**PROBLEM TO SOLVE:**
In the records below, find each line containing the word "intro" and copy it.

**THE DATA:**
lemma gnbessel_elasticity_strict_mono:
  assumes "0 \<le> x" "x < y"
  shows "x * gnbessel_deriv c k x / gnbessel c k x < y * gnbessel_deriv c k y / gnbessel c k y"
proof -
  have "(x * gnbessel_deriv c k x) * gnbessel c k y < (y * gnbessel_deriv c k y) * gnbessel c k x"
    using powser_weighted_mean_strict_mono[of "bcoef c k" real x y]
      assms bcoef_pos summable_bcoef sums_x_gnbessel_deriv
    unfolding gnbessel_def by (auto simp: sums_iff mono_def intro: less_imp_le)
  then show ?thesis
    using gnbessel_pos assms by (simp add: divide_simps)
qed

lemma dist_times_gnbessel_deriv_strict_antimono:
  assumes kR: "k > - 1 - c * R / 4" and "0 \<le> x" "x < y"
  shows "(R - y) * gnbessel_deriv c k y < (R - x) * gnbessel_deriv c k x"
proof -
  define e where "e n = bcoef c k n * (n - R * (- c / 4) / (k + n))" for n
  have e_pos: "e n > 0" if "n \<ge> 1" for n
  proof -
    have kn: "0 < k + n"
      using k by simp
    have "R * (- c / 4) < (k + 1) * 1"
      using kR by (simp add: algebra_simps)
    also have "\<dots> \<le> n * (k + n)"
      using k that by (subst mult.commute, intro mult_mono) auto
    finally have "R * (- c / 4) / (k + n) < n"
      by (simp only: pos_divide_less_eq[OF kn])
    then show ?thesis
      unfolding e_def using bcoef_pos[of n] by simp
  qed
  have e_sums: "(\<lambda>n. e n * z ^ n) sums (- ((R - z) * gnbessel_deriv c k z))" for z
    using sums_minus[OF sums_dist_times_gnbessel_deriv[of R z]] by (simp add: e_def algebra_simps)
  have "(\<Sum>n. e n * x ^ n) < (\<Sum>n. e n * y ^ n)"
    using assms e_pos e_sums by (intro powser_strict_mono) (auto intro: less_imp_le sums_summable)
  then show ?thesis
    using e_sums by (simp add: sums_iff)
qed

lemma ln_gnbessel_has_deriv:
  assumes "0 \<le> x"
  shows "((\<lambda>x. ln (gnbessel c k x)) has_real_derivative gnbessel_deriv c k x / gnbessel c k x) (at x)"
  using DERIV_chain2[OF DERIV_ln gnbessel_has_deriv] gnbessel_pos[OF assms]
  by (simp add: divide_inverse mult.commute)

lemma ln_gnbessel_comp_has_deriv:
  assumes "(h has_real_derivative h t * d) (at t)" "h t > 0"
  shows "((\<lambda>t. ln (gnbessel c k (h t))) has_real_derivative
    h t * gnbessel_deriv c k (h t) / gnbessel c k (h t) * d) (at t)"
  using DERIV_chain2[OF ln_gnbessel_has_deriv assms(1)] assms(2) by (simp add: mult_ac)

lemma convex_on_ln_gnbessel_exp_neg:
  assumes "R > 0"
  shows "convex_on {0<..} (\<lambda>t. ln (gnbessel c k (R * exp (- t))))"
proof (rule convex_on_realI_strict_mono)
  let ?Q = "\<lambda>x. x * gnbessel_deriv c k x / gnbessel c k x"
  show "((\<lambda>t. ln (gnbessel c k (R * exp (- t)))) has_real_derivative ?Q (R * exp (- t)) * - 1) (at t)"
    for t
    using assms
    by (intro ln_gnbessel_comp_has_deriv[where h = "\<lambda>t. R * exp (- t)"])
      (auto intro!: derivative_eq_intros)
  show "?Q (R * exp (- s)) * - 1 < ?Q (R * exp (- t)) * - 1" if "s < t" for s t
    using assms that by (simp add: gnbessel_elasticity_strict_mono)
qed simp

lemma gnbessel_sqrt_mult_le:
  assumes "x > 0" "y > 0"
  shows "gnbessel c k (sqrt (x * y)) \<le> sqrt (gnbessel c k x * gnbessel c k y) \<and>
    (gnbessel c k (sqrt (x * y)) = sqrt (gnbessel c k x * gnbessel c k y) \<longleftrightarrow> x = y)"
proof (rule symmetric_less_imp_le_eq_iff[where P = "\<lambda>x. x > 0"])
  fix x y :: real
  assume xy: "x > 0" "y > 0" "x < y"
  let ?Q = "\<lambda>x. x * gnbessel_deriv c k x / gnbessel c k x"
  have "ln (gnbessel c k (exp ((ln x + ln y) / 2)))
      < (ln (gnbessel c k (exp (ln x))) + ln (gnbessel c k (exp (ln y)))) / 2"
  proof (rule midpoint_less_realI_strict_mono[where A = UNIV])
    show "((\<lambda>t. ln (gnbessel c k (exp t))) has_real_derivative ?Q (exp t) * 1) (at t)" for t
      by (intro ln_gnbessel_comp_has_deriv[where h = exp]) (auto intro!: derivative_eq_intros)
    show "?Q (exp s) * 1 < ?Q (exp t) * 1" if "s < t" for s t
      using that by (simp add: gnbessel_elasticity_strict_mono)
  qed (use xy in auto)
  then have "exp (ln (gnbessel c k (sqrt (x * y))))
      < exp ((ln (gnbessel c k x) + ln (gnbessel c k y)) / 2)"
    using xy by (simp add: sqrt_mult_eq_exp_ln)
  then show "gnbessel c k (sqrt (x * y)) < sqrt (gnbessel c k x * gnbessel c k y)"
    using xy gnbessel_pos by (simp add: sqrt_mult_eq_exp_ln)
qed (use assms gnbessel_pos in \<open>auto simp: mult.commute less_imp_le\<close>)

lemma
  shows concave_on_ln_gnbessel: "concave_on {0<..} (\<lambda>x. ln (gnbessel c k x))"
    and sqrt_gnbessel_mult_le_midpoint: "x > 0 \<Longrightarrow> y > 0 \<Longrightarrow>
      sqrt (gnbessel c k x * gnbessel c k y) \<le> gnbessel c k ((x + y) / 2) \<and>
      (sqrt (gnbessel c k x * gnbessel c k y) = gnbessel c k ((x + y) / 2) \<longleftrightarrow> x = y)"
proof -
  have deriv: "((\<lambda>x. - ln (gnbessel c k x)) has_real_derivative
      - (gnbessel_deriv c k x / gnbessel c k x)) (at x)" if "x \<in> {0<..}" for x
    using that by (auto intro!: DERIV_minus ln_gnbessel_has_deriv)
  have mono: "- (gnbessel_deriv c k x / gnbessel c k x) < - (gnbessel_deriv c k y / gnbessel c k y)"
    if "x \<in> {0<..}" "y \<in> {0<..}" "x < y" for x y
    using that gnbessel_log_deriv_strict_antimono by simp
  show "concave_on {0<..} (\<lambda>x. ln (gnbessel c k x))"
    unfolding concave_on_def by (rule convex_on_realI_strict_mono[OF _ deriv mono]) simp
  show "sqrt (gnbessel c k x * gnbessel c k y) \<le> gnbessel c k ((x + y) / 2) \<and>
      (sqrt (gnbessel c k x * gnbessel c k y) = gnbessel c k ((x + y) / 2) \<longleftrightarrow> x = y)"
    if "x > 0" "y > 0"
  proof (rule symmetric_less_imp_le_eq_iff[where P = "\<lambda>x. x > 0"])
    fix x y :: real
    assume xy: "x > 0" "y > 0" "x < y"
    have "- ln (gnbessel c k ((x + y) / 2)) < (- ln (gnbessel c k x) + - ln (gnbessel c k y)) / 2"
      by (rule midpoint_less_realI_strict_mono[where A = "{0<..}", OF _ deriv mono]) (use xy in auto)
    then have "exp ((ln (gnbessel c k x) + ln (gnbessel c k y)) / 2) < exp (ln (gnbessel c k ((x + y) / 2)))"
      by simp
    then show "sqrt (gnbessel c k x * gnbessel c k y) < gnbessel c k ((x + y) / 2)"
      using xy gnbessel_pos by (simp add: sqrt_mult_eq_exp_ln)
  qed (use that gnbessel_pos in \<open>auto simp: mult.commute add.commute less_imp_le\<close>)
qed

lemma
  shows convex_on_gnbessel: "convex_on {0<..} (gnbessel c k)"
    and gnbessel_midpoint_le: "x > 0 \<Longrightarrow> y > 0 \<Longrightarrow>
      gnbessel c k ((x + y) / 2) \<le> (gnbessel c k x + gnbessel c k y) / 2 \<and>
      (gnbessel c k ((x + y) / 2) = (gnbessel c k x + gnbessel c k y) / 2 \<longleftrightarrow> x = y)"
proof -
  have mono: "gnbessel_deriv c k x < gnbessel_deriv c k y"
    if "x \<in> {0<..}" "y \<in> {0<..}" "x < y" for x y
    using that gnbessel_deriv_strict_mono by simp
  show "convex_on {0<..} (gnbessel c k)"
    by (rule convex_on_realI_strict_mono[OF _ gnbessel_has_deriv mono]) simp
  show "gnbessel c k ((x + y) / 2) \<le> (gnbessel c k x + gnbessel c k y) / 2 \<and>
      (gnbessel c k ((x + y) / 2) = (gnbessel c k x + gnbessel c k y) / 2 \<longleftrightarrow> x = y)"
    if "x > 0" "y > 0"
  proof (rule symmetric_less_imp_le_eq_iff[where P = "\<lambda>x. x > 0"])
    show "gnbessel c k ((x + y) / 2) < (gnbessel c k x + gnbessel c k y) / 2"
      if "x > 0" "y > 0" "x < y" for x y
      by (rule midpoint_less_realI_strict_mono[where A = "{0<..}", OF _ gnbessel_has_deriv mono])
        (use that in auto)
  qed (use that in \<open>auto simp: add.commute\<close>)
qed

lemma
  assumes R: "R > 0" and kR: "k > - 1 - c * R / 4"
  shows concave_on_gnbessel_one_minus_exp: "concave_on {0<..} (\<lambda>t. gnbessel c k (R * (1 - exp (- t))))"
    and gnbessel_midpoint_le_one_minus_sqrt: "x \<in> {0<..<R} \<Longrightarrow> y \<in> {0<..<R} \<Longrightarrow>
      (gnbessel c k x + gnbessel c k y) / 2 \<le> gnbessel c k (R - sqrt ((R - x) * (R - y))) \<and>
      ((gnbessel c k x + gnbessel c k y) / 2 = gnbessel c k (R - sqrt ((R - x) * (R - y))) \<longleftrightarrow> x = y)"
proof -
  define u where "u t = R * (1 - exp (- t))" for t
  have deriv: "((\<lambda>t. - gnbessel c k (u t)) has_real_derivative
      - ((R - u t) * gnbessel_deriv c k (u t))) (at t)" if "t \<in> {0<..}" for t
  proof -
    have "(u has_real_derivative R * exp (- t)) (at t)"
      unfolding u_def[abs_def] by (auto intro!: derivative_eq_intros)
    from DERIV_minus[OF DERIV_chain2[OF gnbessel_has_deriv this]] show ?thesis
      by (simp add: u_def algebra_simps)
  qed
  have mono: "- ((R - u s) * gnbessel_deriv c k (u s)) < - ((R - u t) * gnbessel_deriv c k (u t))"
    if "s \<in> {0<..}" "t \<in> {0<..}" "s < t" for s t
  proof -
    have "0 \<le> u s" "u s < u t"
      using that R by (auto simp: u_def)
    then show ?thesis
      using dist_times_gnbessel_deriv_strict_antimono[OF kR] by simp
  qed
  show "concave_on {0<..} (\<lambda>t. gnbessel c k (R * (1 - exp (- t))))"
    using convex_on_realI_strict_mono[where A = "{0<..}", OF _ deriv mono]
    unfolding concave_on_def u_def by simp
  show "(gnbessel c k x + gnbessel c k y) / 2 \<le> gnbessel c k (R - sqrt ((R - x) * (R - y))) \<and>
      ((gnbessel c k x + gnbessel c k y) / 2 = gnbessel c k (R - sqrt ((R - x) * (R - y))) \<longleftrightarrow> x = y)"
    if "x \<in> {0<..<R}" "y \<in> {0<..<R}"
  proof (rule symmetric_less_imp_le_eq_iff[where P = "\<lambda>x. x \<in> {0<..<R}"])
    fix x y :: real
    assume xy: "x \<in> {0<..<R}" "y \<in> {0<..<R}" "x < y"
    let ?s = "ln (R / (R - x))" and ?t = "ln (R / (R - y))"
    have "0 < ?s" "?s < ?t"
      using xy R by (simp_all add: divide_simps)
    then have "- gnbessel c k (u ((?s + ?t) / 2)) < (- gnbessel c k (u ?s) + - gnbessel c k (u ?t)) / 2"
      by (intro midpoint_less_realI_strict_mono[where A = "{0<..}", OF _ deriv mono]) auto
    then show "(gnbessel c k x + gnbessel c k y) / 2 < gnbessel c k (R - sqrt ((R - x) * (R - y)))"
      using xy R by (simp add: u_def one_minus_exp_ln_ratio one_minus_exp_ln_ratio_midpoint)
  qed (use that in \<open>auto simp: mult.commute add.commute\<close>)
qed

**RESULT OF THE EXERCISE:**
    unfolding gnbessel_def by (auto simp: sums_iff mono_def intro: less_imp_le)
      using k that by (subst mult.commute, intro mult_mono) auto
    using assms e_pos e_sums by (intro powser_strict_mono) (auto intro: less_imp_le sums_summable)
    by (intro ln_gnbessel_comp_has_deriv[where h = "\<lambda>t. R * exp (- t)"])
      (auto intro!: derivative_eq_intros)
      by (intro ln_gnbessel_comp_has_deriv[where h = exp]) (auto intro!: derivative_eq_intros)
    using that by (auto intro!: DERIV_minus ln_gnbessel_has_deriv)
      unfolding u_def[abs_def] by (auto intro!: derivative_eq_intros)
      by (intro midpoint_less_realI_strict_mono[where A = "{0<..}", OF _ deriv mono]) auto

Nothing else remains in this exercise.